Common cocklebur, or rough cocklebur, is an annual, taprooted plant that usually grows to about 4 feet high. The single, stout stem is green, often speckled with purple, finely ridged or grooved, often with hairs, and usually has only a few side branches.

Leaves are alternate, simple, and have long leaf stems that are often purplish. Blades, overall, are broadly ovate, ovate-triangular, or fairly kidney shaped or circular; the base is often heart-shaped, the tip pointed; the blades may be unlobed or with 3 or 5 shallow, wide, palmate lobes. Margins are coarsely and irregularly toothed. The surfaces are roughened with hairs.

Flowerheads are either male or female, both occurring on the same plant and arising where the leaves attach to the stem. The flowers are composite flowerheads, as in other plants in the sunflower/daisy family. Male flowerheads (that produce only pollen) occur in a small cluster at the tips of the flower stalks; they are small, saucer-shaped, and whitish. The male flowers are inconspicuous and fall away once they have shed their pollen. The female flowerheads (which become the burs) are positioned in small clusters beneath the male flower clusters. Each compound female flowerhead contains 2 florets that are almost completely enclosed in a prickly bract that will become the outside of the bur. As the fruits mature, they go from green to brown. Because the flowers are pollinated by wind, the flowers have no nectar and no scent. Blooms July–November.

Fruits are the familiar brown, ½–1 inch long, egg-shaped cockleburs covered with hooked spines, with 2 rather prominent beaks on the outer tip that are somewhat incurved at the tips. There can be more than 2,000 cockleburs on a single plant.

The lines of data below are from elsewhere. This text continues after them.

(* Let $g\ge1$, $\Gamma\subset\mathrm{Sp}_{2g}(\mathbb Z)$ a congruence subgroup, $\mathcal A$ a finite-dimensional complex unital algebra, $e\in\mathbb C\setminus\{0\}$, $N\ne0$, and $\Phi:\mathbb H_g\to\mathcal A$ meromorphic with $\Phi(\gamma\cdot Z)=\det(J(\gamma,Z))^N\Phi(Z)$ for all $\gamma\in\Gamma$, pointwise invertible on a Zariski-open subset of $\mathbb H_g$. Then on that locus $A_\Phi:=\frac{2e}{N}\Phi^{-1}D(\Phi)$ (a symmetric $g\times g$ matrix with entries in $\mathcal A$) satisfies $$A_\Phi(\gamma\cdot Z)=J(\gamma,Z)A_\Phi(Z)J(\gamma,Z)^t+\frac{2e}{2\pi i}J(\gamma,Z)C^t\qquad\text{for all }\gamma=\begin{pmatrix}A_\gamma&B\\C&D\end{pmatrix}\in\Gamma.$$
   Context: $\mathbb H_g=\{Z\in\mathrm{Mat}_g(\mathbb C):Z^t=Z,\ \mathrm{Im}Z>0\}$, $\gamma\cdot Z=(A_\gamma Z+B)(CZ+D)^{-1}$, $J(\gamma,Z)=CZ+D$. $D=\frac1{2\pi i}\frac{\partial}{\partial Z}$ is the symmetric matrix of operators with diagonal entries $\frac1{2\pi i}\partial/\partial Z_{ii}$ and off-diagonal entries $\frac1{2\pi i}\cdot\frac12\partial/\partial Z_{ij}$, applied entrywise; $\Phi^{-1}D(\Phi)$ means left multiplication of each entry by $\Phi^{-1}$. *)

theory Defs
  imports "HOL-Analysis.Analysis"
begin

text \<open>Genus g is encoded by a finite index type 'g (so g = CARD('g) \<ge> 1).
  Matrices in Mat_g(C) are complex^'g^'g; elements of Sp_2g(Z) are
  integer (2g x 2g)-matrices indexed by 'g + 'g (first copy = first g coordinates).\<close>

definition sym_mats :: "(complex^'g::finite^'g) set" where
  "sym_mats = {Z. transpose Z = Z}"

definition Im_mat :: "complex^'g::finite^'g \<Rightarrow> real^'g^'g" where
  "Im_mat Z = (\<chi> i j. Im (Z$i$j))"

definition pos_def :: "real^'g::finite^'g \<Rightarrow> bool" where
  "pos_def M \<longleftrightarrow> (\<forall>x::real^'g. x \<noteq> 0 \<longrightarrow> x \<bullet> (M *v x) > 0)"

definition siegel_H :: "(complex^'g::finite^'g) set" where
  "siegel_H = {Z. transpose Z = Z \<and> pos_def (Im_mat Z)}"

definition Omega :: "int^('g::finite+'g)^('g+'g)" where
  "Omega = (\<chi> p q. case (p, q) of
       (Inl i, Inr j) \<Rightarrow> (if i = j then 1 else 0)
     | (Inr i, Inl j) \<Rightarrow> (if i = j then -1 else 0)
     | _ \<Rightarrow> 0)"

definition Sp_Z :: "(int^('g::finite+'g)^('g+'g)) set" where
  "Sp_Z = {M. transpose M ** Omega ** M = Omega}"

definition Gamma_principal :: "nat \<Rightarrow> (int^('g::finite+'g)^('g+'g)) set" where
  "Gamma_principal n = {M \<in> Sp_Z. \<forall>p q. M$p$q mod int n = (if p = q then 1 else 0) mod int n}"

definition is_subgroup_Sp :: "(int^('g::finite+'g)^('g+'g)) set \<Rightarrow> bool" where
  "is_subgroup_Sp G \<longleftrightarrow> G \<subseteq> Sp_Z \<and> mat 1 \<in> G \<and>
     (\<forall>x\<in>G. \<forall>y\<in>G. x ** y \<in> G) \<and> (\<forall>x\<in>G. \<exists>y\<in>G. x ** y = mat 1 \<and> y ** x = mat 1)"

definition congruence_subgroup :: "(int^('g::finite+'g)^('g+'g)) set \<Rightarrow> bool" where
  "congruence_subgroup G \<longleftrightarrow> is_subgroup_Sp G \<and> (\<exists>n>0. Gamma_principal n \<subseteq> G)"

definition blkA :: "int^('g::finite+'g)^('g+'g) \<Rightarrow> complex^'g^'g" where
  "blkA M = (\<chi> i j. of_int (M $ Inl i $ Inl j))"
definition blkB :: "int^('g::finite+'g)^('g+'g) \<Rightarrow> complex^'g^'g" where
  "blkB M = (\<chi> i j. of_int (M $ Inl i $ Inr j))"
definition blkC :: "int^('g::finite+'g)^('g+'g) \<Rightarrow> complex^'g^'g" where
  "blkC M = (\<chi> i j. of_int (M $ Inr i $ Inl j))"
definition blkD :: "int^('g::finite+'g)^('g+'g) \<Rightarrow> complex^'g^'g" where
  "blkD M = (\<chi> i j. of_int (M $ Inr i $ Inr j))"

definition Jfac :: "int^('g::finite+'g)^('g+'g) \<Rightarrow> complex^'g^'g \<Rightarrow> complex^'g^'g" where
  "Jfac M Z = blkC M ** Z + blkD M"

definition sp_act :: "int^('g::finite+'g)^('g+'g) \<Rightarrow> complex^'g^'g \<Rightarrow> complex^'g^'g" where
  "sp_act M Z = (blkA M ** Z + blkB M) ** matrix_inv (Jfac M Z)"

text \<open>A finite-dimensional complex unital algebra is modelled as a real normed unital
  algebra 'a (any norm; all norms are equivalent in finite dimension) which is finite-dimensional
  over R, together with the structure map iota : C -> A, a unital ring homomorphism into the
  centre extending the real structure.  Complex scalar multiplication is c.a = iota c * a.\<close>

definition complex_alg_struct :: "(complex \<Rightarrow> 'a::real_normed_algebra_1) \<Rightarrow> bool" where
  "complex_alg_struct \<iota> \<longleftrightarrow>
     (\<forall>z w. \<iota> (z + w) = \<iota> z + \<iota> w) \<and> (\<forall>z w. \<iota> (z * w) = \<iota> z * \<iota> w) \<and>
     (\<forall>r. \<iota> (complex_of_real r) = of_real r) \<and> (\<forall>z a. \<iota> z * a = a * \<iota> z) \<and>
     (\<exists>B. finite B \<and> span B = (UNIV :: 'a set))"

Similar species: In the past, genus Xanthium used to be considered a diverse genus, with hundreds of species worldwide. Botanists used arcane differences in the form of the burs to separate these plants. Today, botanists have boiled it down to about a dozen, or even just three, species globally. The characteristics formerly used to separate what people thought were species represent a fairly fluid variation within the few actual species. Thus older references may show Missouri having up to eight species of cockleburs; today it’s only two.

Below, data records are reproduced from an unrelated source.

definition subdiff_continuous_at :: "('a::euclidean_space \<Rightarrow> ereal) \<Rightarrow> 'a \<Rightarrow> bool" where
  "subdiff_continuous_at f x \<longleftrightarrow> (\<forall>v \<in> limiting_subdiff f x. \<forall>xs vs.
     xs \<longlonglongrightarrow> x \<and> vs \<longlonglongrightarrow> v \<and> (\<forall>k. vs k \<in> limiting_subdiff f (xs k))
       \<longrightarrow> (\<lambda>k. f (xs k)) \<longlonglongrightarrow> f x)"

definition subdiff_continuous :: "('a::euclidean_space \<Rightarrow> ereal) \<Rightarrow> bool" where
  "subdiff_continuous f \<longleftrightarrow> (\<forall>x. subdiff_continuous_at f x)"

definition local_min_on :: "('a::metric_space \<Rightarrow> ereal) \<Rightarrow> 'a set \<Rightarrow> 'a \<Rightarrow> bool" where
  "local_min_on f M x \<longleftrightarrow> (\<exists>\<delta>>0. \<forall>y\<in>M. dist y x < \<delta> \<longrightarrow> f x \<le> f y)"

definition slope_on :: "('a::metric_space \<Rightarrow> ereal) \<Rightarrow> 'a set \<Rightarrow> 'a \<Rightarrow> ereal" where
  "slope_on f M x =
     (if f x = \<infinity> then \<infinity>
      else if local_min_on f M x then 0
      else Limsup (at x within M) (\<lambda>y. (f x - f y) / ereal (dist x y)))"

abbreviation slope :: "('a::metric_space \<Rightarrow> ereal) \<Rightarrow> 'a \<Rightarrow> ereal" where
  "slope f \<equiv> slope_on f UNIV"

definition C2_on :: "'a::euclidean_space set \<Rightarrow> ('a \<Rightarrow> 'b::euclidean_space) \<Rightarrow> bool" where
  "C2_on U g \<longleftrightarrow> open U \<and> (\<exists>g' g''.
     (\<forall>x\<in>U. (g has_derivative blinfun_apply (g' x)) (at x)) \<and>
     (\<forall>x\<in>U. (g' has_derivative blinfun_apply (g'' x)) (at x)) \<and>
     continuous_on U g'')"

definition C2_submanifold_around :: "'a::euclidean_space set \<Rightarrow> 'a \<Rightarrow> bool" where
  "C2_submanifold_around M xb \<longleftrightarrow> (\<exists>U V \<phi> \<psi> L.
     open U \<and> xb \<in> U \<and> open V \<and> subspace L \<and> C2_on U (\<phi> :: 'a \<Rightarrow> 'a) \<and> C2_on V \<psi> \<and>
     (\<forall>x\<in>U. \<phi> x \<in> V \<and> \<psi> (\<phi> x) = x) \<and> (\<forall>y\<in>V. \<psi> y \<in> U \<and> \<phi> (\<psi> y) = y) \<and>
     \<phi> ` (M \<inter> U) = V \<inter> L)"

definition C2_restriction_around ::
    "('a::euclidean_space \<Rightarrow> ereal) \<Rightarrow> 'a set \<Rightarrow> 'a \<Rightarrow> bool" where
  "C2_restriction_around f M xb \<longleftrightarrow> (\<exists>U g.
     open U \<and> xb \<in> U \<and> C2_on U (g :: 'a \<Rightarrow> real) \<and> (\<forall>x\<in>M \<inter> U. f x = ereal (g x)))"

text \<open>The sharpness
  liminf condition is written out: liminf > 0 iff the norms are bounded below by some
  eta > 0 near xb (with f-attentive convergence).\<close>
definition identifiable_manifold ::
    "('a::euclidean_space \<Rightarrow> ereal) \<Rightarrow> 'a set \<Rightarrow> 'a \<Rightarrow> bool" where
  "identifiable_manifold f M xb \<longleftrightarrow>
     f xb \<noteq> \<infinity> \<and> 0 \<in> frechet_subdiff f xb \<and> xb \<in> M \<and>
     (\<exists>\<eta>>0. \<exists>\<delta>>0. \<forall>x y. dist x xb < \<delta> \<and> \<bar>f x - f xb\<bar> < ereal \<delta> \<and> x \<notin> M \<and>
         y \<in> limiting_subdiff f x \<longrightarrow> norm y \<ge> \<eta>) \<and>
     C2_submanifold_around M xb \<and> C2_restriction_around f M xb"

end

theory Submission
  imports Defs
begin

text \<open>
  From the ambient error bound to the one on \<open>M\<close>: an Ekeland-type argument turns the error
  bound into quadratic growth \<open>f x \<ge> min f + \<mu>/4 \<cdot> dist(x, S)\<^sup>2\<close> near \<open>xb\<close>. Minimisers are
  stationary, so by sharpness those near \<open>xb\<close> lie on \<open>M\<close>, where \<open>f\<close> agrees with a \<open>C\<^sup>2\<close>
  function. Read in a slice chart of \<open>M\<close>, along the segment from a nearest minimiser \<open>s\<close> to
  \<open>x\<close> the derivative vanishes at \<open>s\<close> and the second derivative is almost constant, so the
  directional derivative at \<open>x\<close> is at least the quadratic growth; descending along the image
  of the segment bounds the slope of \<open>f\<close> on \<open>M\<close> from below.

  Conversely, if the ambient error bound fails, proximal points give \<open>Z\<^sub>k \<rightarrow> xb\<close> carrying
  Frechet subgradients \<open>V\<^sub>k \<rightarrow> 0\<close> that are small compared with \<open>dist(Z\<^sub>k, S)\<close>.
  Subdifferential continuity gives \<open>f Z\<^sub>k \<rightarrow> f xb\<close>, so sharpness forces \<open>Z\<^sub>k \<in> M\<close>
  eventually; there the slope of \<open>f\<close> on \<open>M\<close> is at most \<open>|V\<^sub>k|\<close>, contradicting the error
  bound on \<open>M\<close>.
\<close>

section \<open>Closed functions\<close>

lemma closed_fun_imp_closed_sublevel:
  assumes "closed_fun f"
  shows "closed {x. f x \<le> ereal t}"
proof -
  have "{x. f x \<le> ereal t} = (\<lambda>x. (x, t)) -` {(x, t::real). f x \<le> ereal t}" by auto
  moreover have "closed ((\<lambda>x. (x, t)) -` {(x, t::real). f x \<le> ereal t})"
    by (rule continuous_closed_vimage)
      (use assms[unfolded closed_fun_def] in \<open>auto intro!: continuous_intros\<close>)
  ultimately show ?thesis by simp
qed

lemma closed_fun_imp_closed_argmin_set:
  assumes "closed_fun f"
  shows "closed (argmin_set f)"
proof -
  have "closed {x. f x \<le> c}" for c
  proof (cases c)
    case MInf
    hence "{x. f x \<le> c} = (\<Inter>t. {x. f x \<le> ereal t})" by (auto intro: ereal_bot)
    thus ?thesis using closed_fun_imp_closed_sublevel[OF assms] by auto
  qed (use closed_fun_imp_closed_sublevel[OF assms] in auto)
  moreover have "argmin_set f = (\<Inter>y. {x. f x \<le> f y})" by (auto simp: argmin_set_def)
  ultimately show ?thesis by auto
qed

Of the two species of Xanthium recorded for Missouri, common cocklebur is by far the most common. The other species, spiny cocklebur (X. spinosum), is known only from historical collections from St. Louis — but note that it has been found elsewhere in the Midwest. Identify it by the presence of 3-parted spines on the plant stalks where the leaves attach; lance-shaped leaves; and the burs’ lack of paired beaks (they either have a single, short, straight beak or else lack one entirely).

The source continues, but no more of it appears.